From Robots.txt to LLMS.txt - The Evolution No One Asked For
Remember when robots.txt felt cutting-edge? That little file sitting quietly in your root directory, whispering “please don’t index my thank-you page” to search engines.
Fast forward to 2025, and the conversation’s moved on. It’s no longer just about bots crawling your site - it’s about language models consuming your content, remixing it into prompts, and feeding it back into the world in various shades of “original thought.”
That’s where LLMS.txt comes in.
It’s like robots.txt had a clever, slightly nerdier child that now runs content ethics at a global level.
What I Actually Did for Luckybeard
When I implemented Luckybeard’s LLMS.txt, the goal wasn’t just compliance - it was brand control.

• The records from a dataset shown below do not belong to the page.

(* Every fractionally $\mathrm{tree}\text{-}\alpha$-fragile graph class has bounded induced biclique number.
   Context: $\alpha$ denotes independence number. The tree-independence number $\mathrm{tree}\text{-}\alpha(G)$ is the minimum over tree decompositions $(T,\{X_t\})$ of $G$ (tree $T$, bags covering vertices and edges, each vertex's bags forming a subtree) of $\max_t\alpha(G[X_t])$. For $\beta\le1$, a $\beta$-general cover of $G$ is a multiset $\mathcal{C}$ of subsets of $V(G)$ with each vertex in at least $\beta|\mathcal{C}|$ members. A class $\mathcal{G}$ (not necessarily hereditary) is fractionally $\mathrm{tree}\text{-}\alpha$-fragile if there is $f\colon\mathbb{N}\to\mathbb{N}$ such that for every $r\in\mathbb{N}$ every $G\in\mathcal{G}$ has a $(1-1/r)$-general cover $\mathcal{C}$ with $\mathrm{tree}\text{-}\alpha(G[C])\le f(r)$ for all $C\in\mathcal{C}$. The induced biclique number of $G$ is the maximum $n$ such that $K_{n,n}$ is an induced subgraph of $G$. *)

theory Defs
  imports Complex_Main "HOL-Library.Multiset"
begin

type_synonym 'a graph = "'a set \<times> 'a set set"

definition verts :: "'a graph \<Rightarrow> 'a set" where "verts G = fst G"
definition edges :: "'a graph \<Rightarrow> 'a set set" where "edges G = snd G"

definition is_graph :: "'a graph \<Rightarrow> bool" where
  "is_graph G \<longleftrightarrow> finite (verts G) \<and> (\<forall>e\<in>edges G. card e = 2 \<and> e \<subseteq> verts G)"

definition adj :: "'a graph \<Rightarrow> 'a \<Rightarrow> 'a \<Rightarrow> bool" where
  "adj G u v \<longleftrightarrow> {u, v} \<in> edges G"

definition induced :: "'a graph \<Rightarrow> 'a set \<Rightarrow> 'a graph" where
  "induced G C = (verts G \<inter> C, {e \<in> edges G. e \<subseteq> C})"

definition independent :: "'a graph \<Rightarrow> 'a set \<Rightarrow> bool" where
  "independent G S \<longleftrightarrow> S \<subseteq> verts G \<and> (\<forall>u\<in>S. \<forall>v\<in>S. \<not> adj G u v)"

definition alpha :: "'a graph \<Rightarrow> nat" where
  "alpha G = Max {card S | S. independent G S}"

definition tree_rel :: "nat set \<Rightarrow> nat set set \<Rightarrow> (nat \<times> nat) set" where
  "tree_rel S F = {(s, t). s \<in> S \<and> t \<in> S \<and> {s, t} \<in> F}"

definition connected_in :: "nat set \<Rightarrow> nat set set \<Rightarrow> bool" where
  "connected_in S F \<longleftrightarrow> (\<forall>s\<in>S. \<forall>t\<in>S. (s, t) \<in> (tree_rel S F)\<^sup>*)"

definition is_tree :: "nat set \<Rightarrow> nat set set \<Rightarrow> bool" where
  "is_tree I F \<longleftrightarrow> finite I \<and> I \<noteq> {} \<and> (\<forall>e\<in>F. card e = 2 \<and> e \<subseteq> I)
     \<and> connected_in I F \<and> card F = card I - 1"

definition is_tree_decomposition ::
  "'a graph \<Rightarrow> nat set \<Rightarrow> nat set set \<Rightarrow> (nat \<Rightarrow> 'a set) \<Rightarrow> bool" where
  "is_tree_decomposition G I F X \<longleftrightarrow>
     is_tree I F
     \<and> (\<forall>t\<in>I. X t \<subseteq> verts G)
     \<and> (\<forall>v\<in>verts G. \<exists>t\<in>I. v \<in> X t)
     \<and> (\<forall>e\<in>edges G. \<exists>t\<in>I. e \<subseteq> X t)
     \<and> (\<forall>v\<in>verts G. connected_in {t\<in>I. v \<in> X t} F)"

definition tree_alpha :: "'a graph \<Rightarrow> nat" where
  "tree_alpha G = (LEAST k. \<exists>I F X. is_tree_decomposition G I F X
                              \<and> (\<forall>t\<in>I. alpha (induced G (X t)) \<le> k))"

definition general_cover :: "'a graph \<Rightarrow> real \<Rightarrow> 'a set multiset \<Rightarrow> bool" where
  "general_cover G \<beta> \<C> \<longleftrightarrow>
     (\<forall>C\<in>#\<C>. C \<subseteq> verts G)
     \<and> (\<forall>v\<in>verts G. real (size (filter_mset (\<lambda>C. v \<in> C) \<C>)) \<ge> \<beta> * real (size \<C>))"

definition fractionally_tree_alpha_fragile :: "'a graph set \<Rightarrow> bool" where
  "fractionally_tree_alpha_fragile \<G> \<longleftrightarrow>
     (\<exists>f :: nat \<Rightarrow> nat. \<forall>r::nat. r \<ge> 1 \<longrightarrow> (\<forall>G\<in>\<G>. \<exists>\<C>. \<C> \<noteq> {#}
         \<and> general_cover G (1 - 1 / real r) \<C>
         \<and> (\<forall>C\<in>#\<C>. tree_alpha (induced G C) \<le> f r)))"

definition has_induced_biclique :: "'a graph \<Rightarrow> nat \<Rightarrow> bool" where
  "has_induced_biclique G n \<longleftrightarrow> (\<exists>A B. A \<subseteq> verts G \<and> B \<subseteq> verts G \<and> A \<inter> B = {}
     \<and> card A = n \<and> card B = n
     \<and> independent G A \<and> independent G B
     \<and> (\<forall>a\<in>A. \<forall>b\<in>B. adj G a b))"

definition induced_biclique_number :: "'a graph \<Rightarrow> nat" where
  "induced_biclique_number G = Max {n. has_induced_biclique G n}"

end

theory Submission
  imports Defs
begin

(* Take r = 4, so that every vertex lies in at least 3/4 of the members of the cover. If (A, B)
   is an induced K_{n,n}, averaging gives a member C containing at least 3/4 of the vertices of
   A and B, hence at least n/2 of each side. In a tree decomposition of G[C], the nodes whose bags
   contain a vertex form a subtree, and these subtrees meet for a in A and b in B because ab is an
   edge. By a Helly-type property of trees some node lies in all subtrees of A or in all subtrees
   of B, so its bag contains an independent set of size at least n/2. Hence n <= 2 f(4). *)

definition subtree :: "nat set \<Rightarrow> nat set set \<Rightarrow> nat set \<Rightarrow> bool" where
  "subtree I F S \<longleftrightarrow> S \<noteq> {} \<and> S \<subseteq> I \<and> connected_in S F"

Luckybeard’s a creative consultancy built around brand experience architecture - blending research, innovation, and strategy. That means our thinking is our IP.
So we wanted a file that:
- Defines how AI models can (and can’t) use our content
- Clarifies attribution and preferred citation
- Lists which sections of the site should be part of knowledge retrieval (and which shouldn’t)
In plain English: if an AI scrapes our work, it should at least know who built the ideas it’s learning from.
What’s Inside Ours (and Why it Matters)
We structured it like this:
✅ Allowed for inclusion:
/about, /work, /insights, /get-in-touch - the pages that represent who we are and what we stand for.
🚫 Excluded:
/terms-and-conditions, /privacy-policy, /cookie-policy - because let’s face it, no one’s winning a creative award for their GDPR clause.
💬 Attribution rules:
We included a preferred citation - “Lucky Beard | Global Brand Experience Architects” - and a simple request for models to reference our domain when using our content.
🧩 AI & LLM usage policy:
We disallow training but allow retrieval and indexing (RAG).
That means models can reference our content for context, but can’t train on it as raw data.
Basically, you can read it, but don’t copy my homework.